## What is expected
Go through the entries below from the first line and transcribe each one exactly, ending with the line that contains "(\<lambda>x. (f x +".

Collected data entries:
_ _ _ _ _
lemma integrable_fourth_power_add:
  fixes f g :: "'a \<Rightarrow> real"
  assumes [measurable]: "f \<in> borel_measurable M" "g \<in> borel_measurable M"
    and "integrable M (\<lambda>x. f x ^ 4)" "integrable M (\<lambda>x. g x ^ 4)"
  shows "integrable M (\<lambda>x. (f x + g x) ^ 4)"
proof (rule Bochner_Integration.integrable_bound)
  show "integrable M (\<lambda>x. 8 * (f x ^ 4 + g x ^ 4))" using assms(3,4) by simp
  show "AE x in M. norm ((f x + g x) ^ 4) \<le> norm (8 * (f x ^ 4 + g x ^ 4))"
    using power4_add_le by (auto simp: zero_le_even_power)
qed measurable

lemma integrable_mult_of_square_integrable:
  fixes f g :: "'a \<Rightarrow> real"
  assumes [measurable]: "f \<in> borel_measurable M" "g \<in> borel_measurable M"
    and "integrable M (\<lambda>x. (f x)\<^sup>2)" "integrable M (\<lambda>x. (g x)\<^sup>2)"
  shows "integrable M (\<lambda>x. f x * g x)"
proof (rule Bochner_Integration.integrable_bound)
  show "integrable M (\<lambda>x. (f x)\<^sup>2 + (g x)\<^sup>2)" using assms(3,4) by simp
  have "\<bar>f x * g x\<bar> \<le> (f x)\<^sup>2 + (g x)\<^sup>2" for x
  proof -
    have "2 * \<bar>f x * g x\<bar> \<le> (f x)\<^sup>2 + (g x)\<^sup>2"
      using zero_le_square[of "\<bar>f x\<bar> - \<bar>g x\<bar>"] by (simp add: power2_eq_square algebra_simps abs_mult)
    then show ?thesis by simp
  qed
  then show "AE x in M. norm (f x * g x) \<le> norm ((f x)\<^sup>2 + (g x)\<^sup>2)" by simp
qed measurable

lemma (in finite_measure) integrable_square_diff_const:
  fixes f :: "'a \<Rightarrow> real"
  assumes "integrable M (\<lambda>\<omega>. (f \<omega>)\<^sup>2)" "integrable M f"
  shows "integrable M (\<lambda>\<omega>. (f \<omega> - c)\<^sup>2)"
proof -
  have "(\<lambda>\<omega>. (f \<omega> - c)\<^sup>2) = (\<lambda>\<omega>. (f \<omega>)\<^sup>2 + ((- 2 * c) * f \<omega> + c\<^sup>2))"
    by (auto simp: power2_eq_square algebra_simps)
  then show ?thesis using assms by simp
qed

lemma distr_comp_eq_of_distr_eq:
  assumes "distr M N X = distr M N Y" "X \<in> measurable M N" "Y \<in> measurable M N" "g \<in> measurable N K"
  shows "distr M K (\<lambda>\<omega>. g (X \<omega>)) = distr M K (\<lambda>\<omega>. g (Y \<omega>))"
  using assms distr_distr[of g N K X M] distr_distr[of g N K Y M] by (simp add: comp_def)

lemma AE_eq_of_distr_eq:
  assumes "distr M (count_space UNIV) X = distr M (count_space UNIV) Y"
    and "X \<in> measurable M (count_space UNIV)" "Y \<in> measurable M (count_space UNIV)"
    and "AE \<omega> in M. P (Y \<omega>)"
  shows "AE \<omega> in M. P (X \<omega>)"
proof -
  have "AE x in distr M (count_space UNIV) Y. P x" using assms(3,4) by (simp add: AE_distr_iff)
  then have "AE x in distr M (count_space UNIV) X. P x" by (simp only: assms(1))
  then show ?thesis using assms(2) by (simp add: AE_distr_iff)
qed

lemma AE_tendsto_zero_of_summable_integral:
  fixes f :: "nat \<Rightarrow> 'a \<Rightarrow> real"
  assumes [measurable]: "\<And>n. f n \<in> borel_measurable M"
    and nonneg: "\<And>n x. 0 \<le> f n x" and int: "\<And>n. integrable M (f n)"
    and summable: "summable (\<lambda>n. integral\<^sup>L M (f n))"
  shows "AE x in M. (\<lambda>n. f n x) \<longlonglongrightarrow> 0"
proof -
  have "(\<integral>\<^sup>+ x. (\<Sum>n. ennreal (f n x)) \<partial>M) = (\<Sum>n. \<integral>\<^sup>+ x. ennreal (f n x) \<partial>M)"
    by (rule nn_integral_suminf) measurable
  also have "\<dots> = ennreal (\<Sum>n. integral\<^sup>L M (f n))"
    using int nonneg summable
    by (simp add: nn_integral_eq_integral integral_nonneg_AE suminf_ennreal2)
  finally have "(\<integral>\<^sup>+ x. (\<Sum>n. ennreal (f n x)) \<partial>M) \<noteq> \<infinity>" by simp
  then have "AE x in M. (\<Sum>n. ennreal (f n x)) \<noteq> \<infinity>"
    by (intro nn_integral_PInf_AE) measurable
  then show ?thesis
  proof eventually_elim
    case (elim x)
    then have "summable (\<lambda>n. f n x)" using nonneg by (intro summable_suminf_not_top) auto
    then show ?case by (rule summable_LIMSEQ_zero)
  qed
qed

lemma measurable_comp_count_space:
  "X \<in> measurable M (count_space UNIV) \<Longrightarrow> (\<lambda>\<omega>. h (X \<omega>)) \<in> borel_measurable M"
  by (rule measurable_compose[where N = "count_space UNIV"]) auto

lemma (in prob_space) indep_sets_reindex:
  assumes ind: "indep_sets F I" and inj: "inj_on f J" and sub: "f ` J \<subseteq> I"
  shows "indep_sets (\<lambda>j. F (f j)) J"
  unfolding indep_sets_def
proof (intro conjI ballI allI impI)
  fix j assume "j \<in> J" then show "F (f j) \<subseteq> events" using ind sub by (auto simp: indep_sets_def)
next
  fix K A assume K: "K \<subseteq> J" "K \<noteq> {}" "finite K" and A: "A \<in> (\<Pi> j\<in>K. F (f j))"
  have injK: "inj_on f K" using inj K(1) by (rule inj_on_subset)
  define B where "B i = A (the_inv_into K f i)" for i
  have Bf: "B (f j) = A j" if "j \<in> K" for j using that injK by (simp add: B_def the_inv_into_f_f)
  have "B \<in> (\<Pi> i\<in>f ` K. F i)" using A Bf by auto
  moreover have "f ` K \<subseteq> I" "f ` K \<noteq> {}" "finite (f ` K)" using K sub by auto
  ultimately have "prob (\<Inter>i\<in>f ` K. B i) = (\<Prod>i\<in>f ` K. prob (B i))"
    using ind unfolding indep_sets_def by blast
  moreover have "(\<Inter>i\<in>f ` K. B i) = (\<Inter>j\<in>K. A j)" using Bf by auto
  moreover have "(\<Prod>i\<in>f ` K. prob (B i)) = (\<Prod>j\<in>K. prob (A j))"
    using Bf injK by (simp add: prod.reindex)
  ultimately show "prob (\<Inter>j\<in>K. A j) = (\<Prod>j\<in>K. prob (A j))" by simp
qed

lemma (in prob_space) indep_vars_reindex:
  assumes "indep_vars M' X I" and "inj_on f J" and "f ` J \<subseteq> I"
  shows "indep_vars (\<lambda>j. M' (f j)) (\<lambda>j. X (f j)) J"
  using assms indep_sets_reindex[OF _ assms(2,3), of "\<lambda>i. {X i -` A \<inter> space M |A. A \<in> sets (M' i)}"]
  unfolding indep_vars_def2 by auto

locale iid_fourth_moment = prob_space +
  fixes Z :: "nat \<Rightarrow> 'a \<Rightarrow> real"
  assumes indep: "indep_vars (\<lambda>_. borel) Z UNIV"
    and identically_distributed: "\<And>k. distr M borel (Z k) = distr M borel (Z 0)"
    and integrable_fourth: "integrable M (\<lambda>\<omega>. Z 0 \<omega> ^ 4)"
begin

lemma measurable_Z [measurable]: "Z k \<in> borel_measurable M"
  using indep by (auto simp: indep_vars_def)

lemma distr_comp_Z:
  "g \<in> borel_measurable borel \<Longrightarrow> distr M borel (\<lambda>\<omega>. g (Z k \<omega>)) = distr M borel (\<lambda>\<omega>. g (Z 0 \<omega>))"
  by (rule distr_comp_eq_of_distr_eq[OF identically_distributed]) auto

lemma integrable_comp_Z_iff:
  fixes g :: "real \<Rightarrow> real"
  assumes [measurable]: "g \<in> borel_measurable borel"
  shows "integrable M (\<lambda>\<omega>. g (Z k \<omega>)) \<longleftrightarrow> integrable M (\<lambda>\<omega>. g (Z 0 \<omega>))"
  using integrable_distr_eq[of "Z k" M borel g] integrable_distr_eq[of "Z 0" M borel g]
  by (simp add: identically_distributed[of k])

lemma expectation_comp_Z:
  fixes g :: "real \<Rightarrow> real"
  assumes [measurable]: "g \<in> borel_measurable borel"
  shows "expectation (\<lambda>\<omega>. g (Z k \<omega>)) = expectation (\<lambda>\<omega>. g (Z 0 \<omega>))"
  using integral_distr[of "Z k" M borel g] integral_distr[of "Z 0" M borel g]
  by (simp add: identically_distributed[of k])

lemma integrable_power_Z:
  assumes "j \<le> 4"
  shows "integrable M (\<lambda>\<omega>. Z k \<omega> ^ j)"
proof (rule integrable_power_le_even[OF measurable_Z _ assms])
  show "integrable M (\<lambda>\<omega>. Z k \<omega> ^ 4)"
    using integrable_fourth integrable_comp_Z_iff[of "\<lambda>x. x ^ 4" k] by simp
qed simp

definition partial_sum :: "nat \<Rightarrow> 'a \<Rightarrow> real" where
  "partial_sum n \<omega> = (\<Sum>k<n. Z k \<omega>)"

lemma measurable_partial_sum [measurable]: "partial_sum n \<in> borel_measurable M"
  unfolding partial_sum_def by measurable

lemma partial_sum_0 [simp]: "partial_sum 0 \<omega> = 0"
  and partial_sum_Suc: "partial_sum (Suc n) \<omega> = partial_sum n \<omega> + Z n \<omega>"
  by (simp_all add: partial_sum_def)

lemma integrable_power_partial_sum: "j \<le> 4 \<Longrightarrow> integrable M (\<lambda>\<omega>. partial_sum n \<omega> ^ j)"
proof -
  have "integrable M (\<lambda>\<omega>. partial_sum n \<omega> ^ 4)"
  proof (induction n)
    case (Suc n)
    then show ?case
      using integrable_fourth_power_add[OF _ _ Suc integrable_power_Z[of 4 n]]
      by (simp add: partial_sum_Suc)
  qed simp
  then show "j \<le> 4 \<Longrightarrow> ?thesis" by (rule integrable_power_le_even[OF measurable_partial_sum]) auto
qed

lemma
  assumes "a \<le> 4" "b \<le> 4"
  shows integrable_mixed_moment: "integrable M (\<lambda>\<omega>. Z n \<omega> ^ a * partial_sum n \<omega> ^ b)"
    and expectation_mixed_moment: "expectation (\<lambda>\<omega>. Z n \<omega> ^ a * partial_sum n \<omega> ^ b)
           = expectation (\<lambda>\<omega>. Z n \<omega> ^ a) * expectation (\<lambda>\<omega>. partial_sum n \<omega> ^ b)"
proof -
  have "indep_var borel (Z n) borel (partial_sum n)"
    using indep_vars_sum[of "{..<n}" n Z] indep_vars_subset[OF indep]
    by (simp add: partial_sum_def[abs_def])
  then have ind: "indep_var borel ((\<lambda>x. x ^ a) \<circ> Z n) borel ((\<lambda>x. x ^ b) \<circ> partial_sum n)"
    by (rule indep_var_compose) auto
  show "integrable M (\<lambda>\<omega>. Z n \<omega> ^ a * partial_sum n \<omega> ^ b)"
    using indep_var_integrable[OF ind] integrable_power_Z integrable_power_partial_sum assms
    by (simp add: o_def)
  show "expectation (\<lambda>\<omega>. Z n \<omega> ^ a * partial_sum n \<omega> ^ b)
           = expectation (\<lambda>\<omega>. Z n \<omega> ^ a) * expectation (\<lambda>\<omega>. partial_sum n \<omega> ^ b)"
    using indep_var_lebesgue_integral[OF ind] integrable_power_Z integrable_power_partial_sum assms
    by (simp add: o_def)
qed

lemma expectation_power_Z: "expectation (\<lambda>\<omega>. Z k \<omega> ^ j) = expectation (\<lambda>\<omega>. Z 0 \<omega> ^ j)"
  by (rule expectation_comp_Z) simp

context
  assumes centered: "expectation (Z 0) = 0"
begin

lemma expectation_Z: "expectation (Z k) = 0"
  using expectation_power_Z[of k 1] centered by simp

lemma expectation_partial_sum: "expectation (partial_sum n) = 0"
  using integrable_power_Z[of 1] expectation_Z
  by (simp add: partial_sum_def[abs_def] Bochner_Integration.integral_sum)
_ _ _ _ _
## Result of this task
lemma integrable_fourth_power_add:
  fixes f g :: "'a \<Rightarrow> real"
  assumes [measurable]: "f \<in> borel_measurable M" "g \<in> borel_measurable M"
    and "integrable M (\<lambda>x. f x ^ 4)" "integrable M (\<lambda>x. g x ^ 4)"
  shows "integrable M (\<lambda>x. (f x + g x) ^ 4)"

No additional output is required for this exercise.